Reports of new methane-eruption craters in the Siberian permafrost have piqued the interest of scientists around the higher latitudes who see it as a new sign of a warming climate.
The first craters were identified in summer 2014 in the natural gas-rich Yamal Peninsula, which juts into the frigid Kara Sea more than 2,000 miles northeast of Moscow. They're suspected to have been caused by eruptions of methane from beneath the region's permafrost soil, which has been thawing during recent summers.
The English-language news outlet Siberian Times reported this week that scientists have identified numerous other sites, publishing photographs provided by a Russian scientist and local residents. On the other side of the Arctic Circle, University of Alaska geophysicist Vladimir Romanovsky told VICE News that he and some of his colleagues hope to visit the area this summer to investigate them further.
"It's an interesting development, and actually I was expecting to see more of them," said Romanovsky, who is working with several teams of scientists that are looking into the Siberian blowholes, known as funnels.
The region is dotted with small, round lakes that scientists could re-examine "from maybe a different perspective...to see if they are, or originally were, the same features," Romanovsky said.
"If you figure out the process, we can actually better recognize the features that could be — potentially could be — an indication of the development of the same type of phenomenon in Alaska as well," he added.
Most of studies of the region have been conducted by scientists working for the oil and gas industry. The Russian natural gas major Gazprom estimates that trillions of cubic feet of the fuel lie beneath the Yamal Peninsula and the nearby sea floor, and some of the craters are located near a major gas field — meaning a new eruption could pose a hazard to workers or infrastructure, Romanovsky said.
While scientists say the world as a whole has warmed by about 0.8 degrees Celsius (1.4 degrees Fahrenheit) since pre-industrial times, Arctic temperatures are up by more than double that figure. The region's permafrost holds a massive store of carbon frozen within it, largely from methane, which is a far more potent greenhouse gas in the short-term than carbon dioxide. Some scientists have raised concerns that thawing permafrost could release enough methane to speed up climate change.
NASA climate scientist Gavin Schmidt told VICE News that sort of methane feedback loop may be a threat later in the century, but the effects currently "are not at all clear." There's no evidence that a rapid release of methane occurred in previous Arctic warming cycles, the most recent of which happened 8,000 years ago.
But Schmidt said thawing permafrost is causing a host of other issues in the region, including damaged roads, undermined building foundations, and changing the way water forms and drains lakes.
And while the craters are dramatic, Romanovsky said the amount of methane released by their formation is likely small compared to the amount released by the thawing permafrost or what escapes from the gas wells that dot the region.

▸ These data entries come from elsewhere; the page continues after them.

lemma coeff_eq_gchoose:
  "((2*x + of_nat n) gchoose n) * ((x - 2*y - 1 + of_nat n) gchoose n)
     / (((x + of_nat n) gchoose n) * ((2*x - 2*y + of_nat n) gchoose n)) = coeff n"
proof -
  have "x - 2*y - 1 + 1 = x - 2*y" by simp
  then show ?thesis
    unfolding gbinomial_add_of_nat coeff_def by (simp add: divide_simps)
qed

lemma wz_F1_eq_0: "n < k \<Longrightarrow> wz_F1 n k = 0"
  by (cases "k = Suc n") (auto simp: wz_F1_def kernel_eq_0)

lemma wz_F2_eq_0: "Suc n < k \<Longrightarrow> wz_F2 n k = 0"
  by (simp add: wz_F2_def kernel_eq_0)

lemma wz_G1_eq_0: "k = 0 \<or> Suc n < k \<Longrightarrow> wz_G1 n k = 0"
  by (auto simp: wz_G1_def kernel_eq_0)

lemma wz_G2_eq_0: "k = 0 \<or> n + 2 < k \<Longrightarrow> wz_G2 n k = 0"
  by (auto simp: wz_G2_def kernel_eq_0)

context
  assumes gen_2x: "not_nonpos_int (2*x)" and gen_x: "not_nonpos_int x"
    and gen_x_2y: "not_nonpos_int (x - 2*y)" and gen_2x_2y: "not_nonpos_int (2*x - 2*y)"
    and gen_2y: "not_nonpos_int (2*y)"
begin

lemma shift_nonzero:
  "2*x + of_nat j \<noteq> 0" "x + of_nat j \<noteq> 0" "x - 2*y + of_nat j \<noteq> 0"
  "2*x - 2*y + of_nat j \<noteq> 0" "2*y + of_nat j \<noteq> 0"
  using gen_2x gen_x gen_x_2y gen_2x_2y gen_2y unfolding not_nonpos_int_def by blast+

lemma coeff_nonzero: "coeff n \<noteq> 0"
  using pochhammer_shift_nonzero[OF gen_2x, of 1] pochhammer_shift_nonzero[OF gen_x_2y, of 0]
    pochhammer_shift_nonzero[OF gen_x, of 1] pochhammer_shift_nonzero[OF gen_2x_2y, of 1]
  by (simp add: coeff_def)

lemma kernel_Suc_left:
  "kernel (Suc n) k * (of_nat (Suc n) + 1 - of_nat k)
     = kernel n k * (of_nat n + 1) * (2*x + of_nat n + 1) / (2*x + of_nat n + of_nat k + 2)"
proof -
  define A where "A = pochhammer (2*x + 1) k * pochhammer (2*y + 1) k / (fact k * pochhammer (2*x - 2*y + 1) k)"
  define P where "P m = pochhammer (- of_nat m - 1 :: complex) k" for m
  define Q where "Q m = pochhammer (2*x + of_nat m + 1) (Suc k)" for m
  have kernel_eq: "kernel m k = A * P m / ((of_nat m + 1) * Q m)" for m
    unfolding kernel_def A_def P_def Q_def by (simp add: divide_inverse ac_simps)
  have arg: "- of_nat (Suc n) - 1 + 1 = (- of_nat n - 1 :: complex)"
    by simp
  have "P (Suc n) * (- of_nat (Suc n) - 1 + of_nat k) = (- of_nat (Suc n) - 1) * P n"
    using pochhammer_mult_shift[of "- of_nat (Suc n) - 1 :: complex" k] unfolding arg P_def .
  then have minus: "P (Suc n) * (of_nat (Suc n) + 1 - of_nat k) = (of_nat (Suc n) + 1) * P n"
    by algebra
  have shift: "Q n * (2*x + of_nat n + of_nat k + 2) = (2*x + of_nat n + 1) * Q (Suc n)"
    using pochhammer_mult_shift[of "2*x + of_nat n + 1" "Suc k"] unfolding Q_def
    by (simp add: algebra_simps)
  have "2*x + of_nat n + 1 \<noteq> 0" "2*x + of_nat n + of_nat k + 2 \<noteq> 0"
    using shift_nonzero(1)[of "n + 1"] shift_nonzero(1)[of "n + k + 2"] by (simp_all add: algebra_simps)
  moreover have "(of_nat (Suc n) + 1 :: complex) \<noteq> 0" "(of_nat n + 1 :: complex) \<noteq> 0"
    using of_nat_neq_0[of n, where 'a=complex] of_nat_neq_0[of "Suc n", where 'a=complex]
    by (simp_all add: algebra_simps)
  moreover have "Q n \<noteq> 0" "Q (Suc n) \<noteq> 0"
    using pochhammer_shift_nonzero[OF gen_2x, of "n + 1"] pochhammer_shift_nonzero[OF gen_2x, of "n + 2"]
    unfolding Q_def by (simp_all add: algebra_simps)
  ultimately have "A * ((of_nat (Suc n) + 1) * P n) / ((of_nat (Suc n) + 1) * Q (Suc n))
      = A * P n / ((of_nat n + 1) * Q n) * (of_nat n + 1) * (2*x + of_nat n + 1)
        / (2*x + of_nat n + of_nat k + 2)"
    using shift by (simp add: divide_simps)
  then show ?thesis
    unfolding kernel_eq minus [symmetric] by (simp add: ac_simps)
qed
lemma interlacing_step:
  fixes P Q N :: "real poly" and r :: "nat \<Rightarrow> real"
  assumes "b > 0" "monic N" "degree N = Suc k"
    and r: "strict_mono_on {..<k} r" and P: "P = (\<Prod>i<k. [:- r i, 1:])"
    and "\<And>i. i < k \<Longrightarrow> (-1) ^ (k - 1 - i) * poly Q (r i) > 0"
    and "\<And>i. i < k \<Longrightarrow> poly N (r i) = - b * poly Q (r i)"
  shows "\<exists>s. strict_mono_on {..<Suc k} s \<and> N = (\<Prod>i<Suc k. [:- s i, 1:])
           \<and> (\<forall>i<Suc k. (-1) ^ (k - i) * poly P (s i) > 0)"
proof -
  obtain t where t_mono: "\<And>j. j < Suc k \<Longrightarrow> t j < t (Suc j)"
    and t_sign: "\<And>j. j \<le> Suc k \<Longrightarrow> (-1) ^ (Suc k - j) * poly N (t j) > 0"
    and t_r: "\<And>j. 0 < j \<Longrightarrow> j \<le> k \<Longrightarrow> t j = r (j - 1)"
    using interlacing_sign_points[OF assms(1-4,6,7)] by blast
  obtain s where s: "\<And>j. j < Suc k \<Longrightarrow> t j < s j \<and> s j < t (Suc j) \<and> poly N (s j) = 0"
    using poly_roots_between_alternating_signs[of "Suc k" t N, OF t_mono t_sign] by blast
  have s_mono: "strict_mono_on {..<Suc k} s"
  proof (rule strict_mono_on_lessThanI)
    fix i assume "Suc i < Suc k"
    then show "s i < s (Suc i)" using s[of i] s[of "Suc i"] by force
  qed
  have "N = (\<Prod>i<Suc k. [:- s i, 1:])"
    using s by (intro monic_eq_prod_linear_factors assms(2,3) strict_mono_on_imp_inj_on[OF s_mono]) auto
  moreover have "(-1) ^ (k - j) * poly P (s j) > 0" if "j < Suc k" for j
    unfolding P
  proof (rule sign_prod_linear_factors)
    show "r i < s j" if "i < j" for i
    proof -
      have "r i \<le> r (j - 1)"
        using \<open>i < j\<close> \<open>j < Suc k\<close> by (intro strict_mono_on_leD[OF r]) auto
      also have "r (j - 1) = t j" using \<open>i < j\<close> \<open>j < Suc k\<close> by (simp add: t_r)
      finally show ?thesis using s[OF \<open>j < Suc k\<close>] by linarith
    qed
    show "s j < r i" if "j \<le> i" "i < k" for i
    proof -
      have "t (Suc j) = r j" using that by (simp add: t_r)
      also have "r j \<le> r i" using that by (intro strict_mono_on_leD[OF r]) auto
      finally show ?thesis using s[OF \<open>j < Suc k\<close>] by linarith
    qed
  qed (use that in simp)
  ultimately show ?thesis using s_mono by blast
qed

Romanovsky said he suspects water from melting permafrost is eroding soil underground, similar to the way sinkholes form. The result is a hollow space perhaps 15 to 30 feet underground that fills with gas and erupts when the pressure gets high enough.
"The source of that could be gas hydrates from permafrost. It could also be conventional gas, natural gas, from below permafrost. That has yet to be resolved," he told VICE News. "But I think what's happening is gas pressure and the gas is coming from below the permafrost and from the permafrost itself."
Romanovsky said researchers hope to identify several land features known as hummocks — small hills forced upward by shifts in the permafrost — where gases may be building up underneath and monitor them to see what happens.
Vasily Bogoyavlensky, the Russian scientist who provided photos of the new craters to the Siberian Times, did not respond to requests for comment from VICE News. Bogoyavlensky told the outlet that some of the new funnels were identified from satellite photos, while others were spotted by local residents.
Some of the new sites are on the peninsula, while others were identified in surrounding districts. In one case, people in a town across an inlet from the peninsula spotted a crater after seeing an explosion on the horizon, the Siberian Times reported.
"If it's happening there now, it could start to happen in other places, including Alaska," Romanovsky told VICE News. The permafrost of Alaska and northwestern Canada is generally more stable than in the Yamal Peninsula, but there is "very active warming" in spots on both sides of the border — including around Alaska's Prudhoe Bay, home to a major American oil field.
"It's getting closer to the point where it could actually happen in both places as well," he said.